Figure 3. (A) The large-sized system contains the ligand and its buffer region (around 460 atoms) in holo NCS. (B) Comparison of calculated 1H chemical shifts between large-sized system calculation and the AF-QM/MM approach. “full system” denotes the large-sized system calculation.
Next, we compare the calculated chemical shifts for apo and holo NCS (31 protons in the binding pocket, as shown in Figure 2) with the experimental values. In this benchmark test, the AF-QM/MM results correlate well with the experiment (see Figure 4). For the bound complex, the MUE between the calculated and experimental chemical shifts is 0.44 ppm, and the RMSD is 0.57 ppm. For the unbound protein and ligand, the MUE and RMSD between calculated and experimental chemical shifts are 0.45 and 0.62 ppm, respectively.
Figure 4. Comparison of the AF-QM/MM results and experimental 1H chemical shifts (31 protons in the binding pocket, as shown in Figure 2) for both apo and holo NCS.

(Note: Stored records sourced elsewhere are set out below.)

(* Let $T_M,c>0$. Then there exists a solution $f\in C^{2,1/2}(\mathbb R_+)$, with $f>0$ in the interior of $\mathbb R_+$, of $$f''(y)-cf'(y)-f^4(y)=-\int_0^\infty E(y-\eta)f^4(\eta)\,d\eta\ \ (y>0),\qquad f(0)=T_M,\qquad f\ge0.$$ Moreover, $f$ is the limit of a monotone increasing bounded sequence $0\le f_1\le f_2\le\dots\le f_n\le f_{n+1}\le\dots\le T_M$ with $f_n\in C^{2,1/2}(\mathbb R_+)$, $\|f_n\|_{2,1/2}$ uniformly bounded and $f_n>0$ in the interior of $\mathbb R_+$, solving the recursive system $$f_{n+1}''-cf_{n+1}'-f_{n+1}^4=-\int_0^\infty E(y-\eta)f_n^4(\eta)\,d\eta\ \ (y>0,\ n\ge0),\qquad f_0=0,\qquad f_{n+1}(0)=T_M,\qquad f_{n+1}\ge0.$$
   Context: $E(x)=\frac12E_1(x)=\frac12\int_{|x|}^\infty\frac{e^{-t}}{t}dt$. $\mathbb R_+=[0,\infty)$. $C^{k,\beta}(U)$ denotes $k$ times continuously differentiable functions with finite norm $\|f\|_{k,\beta}=\max_{0\le j\le k}\sup_U|\partial^jf|+\sup_{x\ne y}\frac{|\partial^kf(x)-\partial^kf(y)|}{|x-y|^\beta}$. *)

theory Defs
  imports "HOL-Analysis.Analysis"
begin

definition E1 :: "real \<Rightarrow> real" where
  "E1 x = integral {\<bar>x\<bar>..} (\<lambda>t. exp (- t) / t)"

definition E :: "real \<Rightarrow> real" where
  "E x = E1 x / 2"

text \<open>C2h f f1 f2 K: f is twice continuously differentiable on R_+ = [0,oo)
  (one-sided derivatives at 0), with first derivative f1 and second derivative f2,
  and all parts of the C^{2,1/2}(R_+) norm are bounded by K:
  sup|f|, sup|f'|, sup|f''| <= K and the 1/2-Hoelder seminorm of f'' is <= K.
  Hence ||f||_{2,1/2} <= 2K, and ||f||_{2,1/2} <= K implies C2h f f1 f2 K.\<close>
definition C2h :: "(real \<Rightarrow> real) \<Rightarrow> (real \<Rightarrow> real) \<Rightarrow> (real \<Rightarrow> real) \<Rightarrow> real \<Rightarrow> bool" where
  "C2h f f1 f2 K \<longleftrightarrow>
     (\<forall>x\<ge>0. (f has_real_derivative f1 x) (at x within {0..})) \<and>
     (\<forall>x\<ge>0. (f1 has_real_derivative f2 x) (at x within {0..})) \<and>
     continuous_on {0..} f2 \<and>
     (\<forall>x\<ge>0. \<bar>f x\<bar> \<le> K \<and> \<bar>f1 x\<bar> \<le> K \<and> \<bar>f2 x\<bar> \<le> K) \<and>
     (\<forall>x\<ge>0. \<forall>y\<ge>0. \<bar>f2 x - f2 y\<bar> \<le> K * sqrt \<bar>x - y\<bar>)"

end

theory Submission
  imports Defs "HOL-Real_Asymp.Real_Asymp"
begin

text \<open>
  Two nested monotone iterations. For M >= 4 T_M^3 the equation f'' - c f' - f^4 = -g reads
  f'' - c f' - M f = -(g + M f - f^4), whose right-hand side is increasing in f on [0, T_M].
  The bounded solution of the linear problem with f(0) = T_M (variation of constants) depends
  monotonically on the source and lies between T_M e^(r2 y) and T_M when 0 <= source <= M T_M.
  Hence for every source 0 <= g <= T_M^4 the Picard iteration from 0 increases to a solution,
  and since E >= 0 the outer iteration with g = int_0^oo E(y - eta) f_n(eta)^4 d eta increases
  as well; limits pass through both iterations by dominated convergence. The C^(2,1/2) bounds
  are uniform because f'' = c f' + f^4 - g and g is 1/2-Hoelder, the primitive of E being
  O(x + sqrt x) near 0.
\<close>

lemma has_integral_Icc_Ici:
  fixes f :: "real \<Rightarrow> real"
  assumes "a \<le> b" "(f has_integral i) {a..b}" "(f has_integral j) {b..}"
  shows "(f has_integral (i + j)) {a..}"
proof -
  have "{a..b} \<inter> {b..} = {b}" "{a..b} \<union> {b..} = {a..}"
    using assms(1) by auto
  then show ?thesis
    using has_integral_Un[OF assms(2,3)] by simp
qed

lemma E1_minus [simp]: "E1 (- x) = E1 x"
  by (simp add: E1_def)

lemma E1_abs [simp]: "E1 \<bar>x\<bar> = E1 x"
  by (simp add: E1_def)

lemma E_minus [simp]: "E (- x) = E x"
  by (simp add: E_def)

lemma E_minus_commute: "E (x - y) = E (y - x)"
  by (metis E_minus minus_diff_eq)

lemma continuous_on_E1_integrand: "0 < a \<Longrightarrow> continuous_on {a..b} (\<lambda>t::real. exp (- t) / t)"
  by (auto intro!: continuous_intros)

lemma E1_has_integral:
  assumes "x > 0"
  shows "((\<lambda>t. exp (- t) / t) has_integral E1 x) {x..}"
proof -
  have "(\<lambda>t. exp (- t) / t) integrable_on {x..}"
  proof (rule measurable_bounded_by_integrable_imp_integrable)
    show "(\<lambda>t. exp (- t) / t) \<in> borel_measurable (lebesgue_on {x..})"
      using assms by (intro continuous_imp_measurable_on_sets_lebesgue) (auto intro!: continuous_intros)
    show "(\<lambda>t. exp (- 1 * t) / x) integrable_on {x..}"
      using has_integral_divide[OF has_integral_exp_minus_to_infinity[of 1 x], of x]
      unfolding integrable_on_def by auto
    show "norm (exp (- t) / t) \<le> exp (- 1 * t) / x" if "t \<in> {x..}" for t
      using that assms by (auto simp: divide_simps intro!: mult_left_mono)
  qed auto
  then show ?thesis
    using assms by (simp add: E1_def integrable_integral)
qed

lemma E1_nonneg: "E1 x \<ge> 0"
proof (cases "(\<lambda>t. exp (- t) / t) integrable_on {\<bar>x\<bar>..}")
  case True
  then show ?thesis
    unfolding E1_def by (intro integral_nonneg) auto
qed (simp add: E1_def not_integrable_integral)

lemma E_nonneg: "E x \<ge> 0"
  using E1_nonneg[of x] by (simp add: E_def)

lemma mult_E1_le_exp:
  assumes "x \<ge> 0"
  shows "x * E1 x \<le> exp (- x)"
proof (cases "x = 0")
  case False
  with assms have "x > 0" by simp
  have "E1 x \<le> exp (- 1 * x) / 1 / x"
    using has_integral_le[OF E1_has_integral[OF \<open>x > 0\<close>]
        has_integral_divide[OF has_integral_exp_minus_to_infinity[of 1 x], of x]] \<open>x > 0\<close>
    by (auto simp: divide_simps intro!: mult_left_mono)
  then show ?thesis
    using \<open>x > 0\<close> by (simp add: field_simps)
qed simp

lemma E1_le_sqrt:
  assumes "x > 0"
  shows "E1 x \<le> 2 / sqrt x"
proof -
  have "((\<lambda>t. t powr (-3/2)) has_integral - (x powr (-3/2 + 1)) / (-3/2 + 1)) {x..}"
    using assms by (intro has_integral_powr_to_inf) auto
  moreover have "- (x powr (-3/2 + 1)) / (-3/2 + 1) = 2 / sqrt x"
    using assms by (simp add: powr_minus powr_half_sqrt[symmetric] field_simps)
  moreover have "exp (- t) / t \<le> t powr (-3/2)" if "t \<in> {x..}" for t
  proof -
    have t: "t > 0" using that assms by simp
    have "sqrt t \<le> 1 + t"
      using t by (intro real_le_lsqrt) (auto simp: power2_eq_square algebra_simps)
    also have "\<dots> \<le> exp t" by (rule exp_ge_add_one_self)
    finally have "exp (- t) * sqrt t \<le> 1"
      by (simp add: exp_minus field_simps)
    then have "exp (- t) / t \<le> 1 / (t * sqrt t)"
      using t by (simp add: field_simps)
    also have "\<dots> = t powr (-3/2)"
    proof -
      have "t powr (3/2) = t powr 1 * t powr (1/2)"
        using powr_add[of t 1 "1/2"] t by simp
      then show ?thesis
        using t by (simp add: powr_minus powr_half_sqrt field_simps)
    qed
    finally show ?thesis .
  qed
  ultimately show ?thesis
    using has_integral_le[OF E1_has_integral[OF assms]] by auto
qed

lemma E1_split:
  assumes "0 < a" "a \<le> y"
  shows "E1 a = integral {a..y} (\<lambda>t. exp (- t) / t) + E1 y"
proof -
  have "((\<lambda>t. exp (- t) / t) has_integral integral {a..y} (\<lambda>t. exp (- t) / t)) {a..y}"
    using assms by (intro integrable_integral integrable_continuous_interval continuous_on_E1_integrand)
  from has_integral_Icc_Ici[OF assms(2) this E1_has_integral] assms
  show ?thesis
    using E1_has_integral[OF assms(1)] by (metis has_integral_unique order.strict_trans2)
qed

lemma E1_has_derivative:
  assumes "x > 0"
  shows "(E1 has_real_derivative - (exp (- x) / x)) (at x)"
proof -
  define a where "a = x / 2"
  have a: "0 < a" "a < x"
    using assms by (auto simp: a_def)
  have "((\<lambda>y. integral {a..y} (\<lambda>t. exp (- t) / t)) has_real_derivative exp (- x) / x)
      (at x within {a..x+1})"
    using a by (intro integral_has_real_derivative continuous_on_E1_integrand) auto
  then have d: "((\<lambda>y. E1 a - integral {a..y} (\<lambda>t. exp (- t) / t)) has_real_derivative - (exp (- x) / x)) (at x)"
    using a at_within_Icc_at[of a x "x+1"] by (auto intro!: derivative_eq_intros)
  have "E1 a - integral {a..y} (\<lambda>t. exp (- t) / t) = E1 y" if "y \<in> {a<..}" for y
    using E1_split[OF a(1), of y] that by simp
  then show ?thesis
    using a by (intro has_field_derivative_transform_within_open[where S = "{a<..}", OF d]) auto
qed
(* Work in a second-order (Bayes linear) belief framework in which $P(\cdot)$ denotes a (primitive) prevision/expectation specified for all quantities below, with variances and covariances $\mathrm{Var}$, $\mathrm{Cov}$ derived from it. For vectors of random quantities $X$ and $W$, define the adjusted expectation of $X$ by $W$ as $$P_W(X)=P(X)+\mathrm{Cov}(X,W)\,\mathrm{Var}(W)^{\dagger}\,\big(W-P(W)\big),$$ where $\dagger$ denotes the Moore–Penrose generalised inverse. Let $m\ge 1$ and $n_1,\dots,n_m\ge 1$, and let $\boldsymbol Z=\{Z_{ij}: i=1,\dots,m,\ j=1,\dots,n_i\}$ be random vectors (all of the same dimension as $X$) such that $Z_{ij}=\mu_i+\mathcal R_{ij}$, where $\mu_1,\dots,\mu_m$ are random vectors, each $\mathcal R_{ij}$ has $P(\mathcal R_{ij})=0$ and is uncorrelated with every $\mu_k$, the residuals $\mathcal R_{ij}$ and $\mathcal R_{kl}$ are uncorrelated for $(i,j)\ne(k,l)$, and $\mathrm{Var}(\mathcal R_{ij})$ does not depend on $j$. Write $\boldsymbol\mu=\mathrm{vec}(\mu_1,\dots,\mu_m)$. Suppose the quantity of interest $X$ satisfies $$X=\sum_{i=1}^m A_i\mu_i+\boldsymbol U=\boldsymbol{\mathcal A}\boldsymbol\mu+\boldsymbol U,$$ where $\boldsymbol{\mathcal A}=(A_1,\dots,A_m)$ is a known (constant) matrix and $\boldsymbol U$ is a random vector uncorrelated with all elements of all $\mu_i$ and all $\mathcal R_{ij}$. Then $$P_{\boldsymbol Z}(X)=P_{P_{\boldsymbol Z}(\boldsymbol\mu)}(X)=\boldsymbol{\mathcal A}\,P_{\boldsymbol Z}(\boldsymbol\mu)+P(\boldsymbol U).$$
   Context: $P_{\boldsymbol Z}(\boldsymbol\mu)$ denotes the adjusted expectation of $\boldsymbol\mu$ by the full collection $\boldsymbol Z$ (stacked into one vector), and $P_{P_{\boldsymbol Z}(\boldsymbol\mu)}(X)$ denotes the adjusted expectation of $X$ by the random vector $P_{\boldsymbol Z}(\boldsymbol\mu)$. The structure $Z_{ij}=\mu_i+\mathcal R_{ij}$ encodes second-order exchangeability of the members within each class $i$ (with class mean $\mu_i$), and implies $\mathrm{Cov}(Z_{ij},Z_{kl})=\mathrm{Cov}(\mu_i,\mu_k)$ for $i\neq k$ and $\mathrm{Cov}(Z_{ij},Z_{il})=\mathrm{Var}(\mu_i)$ for $j\ne l$. *)

theory Defs
  imports Complex_Main
begin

The prediction of chemical shift perturbations (CSP) between apo and holo NCS could further validate the accuracy of the AF-QM/MM approach. Among the hydrogen atoms in the binding pocket, H15, H31 of the ligand, HD2 of Leu45 and HB2 of Cys37 are significantly influenced by the ring current effect, where they are close to the aromatic rings in the native holo structure (see Figure 5). As a result, large upfield shifts upon ligand binding were observed for those atoms. The experimental CSPs of those four atoms (namely, H15, H31, Leu45:HD2, and Cys37:HB2) are −0.93, −0.86, −1.15, and −0.72 ppm, respectively, while the AF-QM/MM results of them are −0.45, −0.34, −1.25, and −0.71 ppm. The results show that large chemical shift perturbations between apo and holo protein-ligand systems could be accurately predicted by the AF-QM/MM approach.
Figure 5. X-ray structure of the holo NCS. The CSPs for protons of H15 (a) and H31 (b) in the chromophore, Leu45:HD2 (c) and Cys37:HB2 (d) in the NCS, are significantly influenced by the ring current effect.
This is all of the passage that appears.